(*
  Replace the 0-1 loss by the ramp loss phi(z) = min 1 (max 0 (1 - sqrt k * z)), which is
  sqrt k-Lipschitz and dominates the 0-1 loss. Since k is odd, |<w*, x>| >= 1 on the cube
  while ||w*|| = sqrt k, so w* has L2-margin at least 1/sqrt k on every sample; hence every
  max-margin w, rescaled to the unit ball, has zero empirical ramp loss, and n times its test
  error is at most the uniform deviation

    Phi(S) = sup_{||w|| <= 1} (n E_x phi(y*(x) <w, x>) - sum_i phi(y*(x_i) <w, x_i>)).

  Symmetrization, the Ledoux-Talagrand contraction and Cauchy-Schwarz give E Phi <= 2 sqrt(k n d);
  as Phi changes by at most 1 when one sample point changes, McDiarmid's inequality gives
  Phi < E Phi + sqrt(n ln(1/delta) / 2) with probability at least 1 - delta. All expectations
  involved are averages over finite sets, so these tools are proved for uniform distributions on
  finite products.
*)
theory Submission
  imports Defs
begin

section \<open>Suprema of bounded real families\<close>

lemma bounded_sum_comp:
  fixes f :: "'i \<Rightarrow> 'w \<Rightarrow> 'b::real_normed_vector"
  assumes "finite I" "\<And>i. i \<in> I \<Longrightarrow> bounded (f i ` W)"
  shows "bounded ((\<lambda>w. \<Sum>i\<in>I. f i w) ` W)"
  using assms
proof (induction I rule: finite_induct)
  case empty
  have "(\<lambda>w. 0::'b) ` W \<subseteq> {0}" by auto
  then show ?case by (simp add: bounded_subset[OF finite_imp_bounded[of "{0}"]])
next
  case (insert i I)
  then show ?case by (simp add: bounded_plus_comp)
qed

lemma bounded_cmult_comp:
  fixes f :: "'w \<Rightarrow> real"
  shows "bounded (f ` W) \<Longrightarrow> bounded ((\<lambda>w. c * f w) ` W)"
  using bounded_scaleR_comp[of f W c] by simp

lemma bounded_lipschitz_comp:
  fixes a :: "'w \<Rightarrow> real" and \<psi> :: "real \<Rightarrow> real"
  assumes "bounded (a ` W)" and "L-lipschitz_on UNIV \<psi>"
  shows "bounded ((\<lambda>w. \<psi> (a w)) ` W)"
proof -
  obtain M where M: "\<And>w. w \<in> W \<Longrightarrow> \<bar>a w\<bar> \<le> M"
    using assms(1) unfolding bounded_real by auto
  have "\<bar>\<psi> (a w)\<bar> \<le> \<bar>\<psi> 0\<bar> + L * M" if "w \<in> W" for w
  proof -
    have "\<bar>\<psi> (a w) - \<psi> 0\<bar> \<le> L * \<bar>a w\<bar>"
      using lipschitz_onD[OF assms(2), of "a w" 0] by (simp add: dist_real_def)
    also have "\<dots> \<le> L * M"
      using M[OF that] lipschitz_on_nonneg[OF assms(2)] by (simp add: mult_left_mono)
    finally show ?thesis by linarith
  qed
  then show ?thesis unfolding bounded_real by blast
qed

lemma cSUP_upper_bounded:
  fixes f :: "'w \<Rightarrow> real"
  shows "w \<in> W \<Longrightarrow> bounded (f ` W) \<Longrightarrow> f w \<le> (SUP w\<in>W. f w)"
  by (rule cSUP_upper) (simp_all add: bounded_imp_bdd_above)

lemma cSUP_add_le:
  fixes f g :: "'w \<Rightarrow> real"
  assumes "W \<noteq> {}" "bounded (f ` W)" "bounded (g ` W)"
  shows "(SUP w\<in>W. f w + g w) \<le> (SUP w\<in>W. f w) + (SUP w\<in>W. g w)"
  using assms by (intro cSUP_least add_mono cSUP_upper_bounded) auto

lemma cSUP_add_cSUP_le:
  fixes f g :: "'w \<Rightarrow> real"
  assumes "W \<noteq> {}" and "\<And>w w'. w \<in> W \<Longrightarrow> w' \<in> W \<Longrightarrow> f w + g w' \<le> R"
  shows "(SUP w\<in>W. f w) + (SUP w\<in>W. g w) \<le> R"
proof -
  have "(SUP w\<in>W. f w) \<le> R - g w'" if "w' \<in> W" for w'
    using assms that by (intro cSUP_least) (auto simp: algebra_simps)
  then have "(SUP w\<in>W. g w) \<le> R - (SUP w\<in>W. f w)"
    using assms(1) by (intro cSUP_least) (auto simp: algebra_simps)
  then show ?thesis by linarith
qed

lemma cSUP_le_cSUP_add:
  fixes f g :: "'w \<Rightarrow> real"
  assumes "W \<noteq> {}" "bounded (g ` W)" and "\<And>w. w \<in> W \<Longrightarrow> f w \<le> g w + c"
  shows "(SUP w\<in>W. f w) \<le> (SUP w\<in>W. g w) + c"
proof (rule cSUP_least[OF assms(1)])
  fix w assume "w \<in> W"
  then show "f w \<le> (SUP w\<in>W. g w) + c"
    using assms(2,3) cSUP_upper_bounded[of w W g] by fastforce
qed

lemma abs_cSUP_diff_le:
  fixes f g :: "'w \<Rightarrow> real"
  assumes "W \<noteq> {}" "bounded (f ` W)" "bounded (g ` W)"
    and "\<And>w. w \<in> W \<Longrightarrow> \<bar>f w - g w\<bar> \<le> c"
  shows "\<bar>(SUP w\<in>W. f w) - (SUP w\<in>W. g w)\<bar> \<le> c"
proof -
  have "(SUP w\<in>W. f w) \<le> (SUP w\<in>W. g w) + c" "(SUP w\<in>W. g w) \<le> (SUP w\<in>W. f w) + c"
    using assms by (intro cSUP_le_cSUP_add; force)+
  then show ?thesis by linarith
qed

section \<open>Finite products of a finite set\<close>

lemma sum_PiE_dflt_insert:
  assumes "i \<notin> I"
  shows "(\<Sum>S\<in>PiE_dflt (insert i I) dd (\<lambda>_. A). g S) =
         (\<Sum>S\<in>PiE_dflt I dd (\<lambda>_. A). \<Sum>a\<in>A. g (S(i := a)))"
proof -
  let ?P = "PiE_dflt I dd (\<lambda>_. A)"
  let ?upd = "\<lambda>(S, a). S(i := a)"
  have "bij_betw ?upd (?P \<times> A) (PiE_dflt (insert i I) dd (\<lambda>_. A))"
  proof (rule bij_betw_byWitness[where f' = "\<lambda>S. (S(i := dd), S i)"])
    show "\<forall>p\<in>?P \<times> A. (\<lambda>S. (S(i := dd), S i)) (?upd p) = p"
      using assms by (auto simp: PiE_dflt_def fun_eq_iff)
  qed (use assms in \<open>auto simp: PiE_dflt_def\<close>)
  then have "(\<Sum>S\<in>PiE_dflt (insert i I) dd (\<lambda>_. A). g S) = (\<Sum>p\<in>?P \<times> A. g (?upd p))"
    by (simp add: sum.reindex_bij_betw)
  then show ?thesis
    by (simp add: sum.cartesian_product case_prod_unfold)
qed

lemma card_PiE_dflt_const:
  "finite I \<Longrightarrow> finite A \<Longrightarrow> card (PiE_dflt I dd (\<lambda>_. A)) = card A ^ card I"
  using card_PiE_dflt[of I "\<lambda>_. A" dd] by simp

lemma sum_PiE_dflt_coordinate:
  fixes g :: "'a \<Rightarrow> real"
  assumes "finite I" "i \<in> I" "finite A"
  shows "(\<Sum>T\<in>PiE_dflt I dd (\<lambda>_. A). g (T i)) * card A
       = card (PiE_dflt I dd (\<lambda>_. A)) * (\<Sum>a\<in>A. g a)"
proof -
  have I: "I = insert i (I - {i})" using assms(2) by auto
  have "(\<Sum>T\<in>PiE_dflt I dd (\<lambda>_. A). g (T i))
      = card (PiE_dflt (I - {i}) dd (\<lambda>_. A)) * (\<Sum>a\<in>A. g a)"
    by (subst I, subst sum_PiE_dflt_insert) auto
  moreover have "card (PiE_dflt I dd (\<lambda>_. A)) = card (PiE_dflt (I - {i}) dd (\<lambda>_. A)) * card A"
  proof -
    have "card I = Suc (card (I - {i}))" using assms card_Suc_Diff1 by metis
    then show ?thesis using assms by (metis card_PiE_dflt_const finite_Diff power_Suc2)
  qed
  ultimately show ?thesis by (simp add: algebra_simps)
qed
################
## Exercise instructions
Some lines of the data may hold the word "intro". Say how many do, with nothing else.

## Output of the exercise
4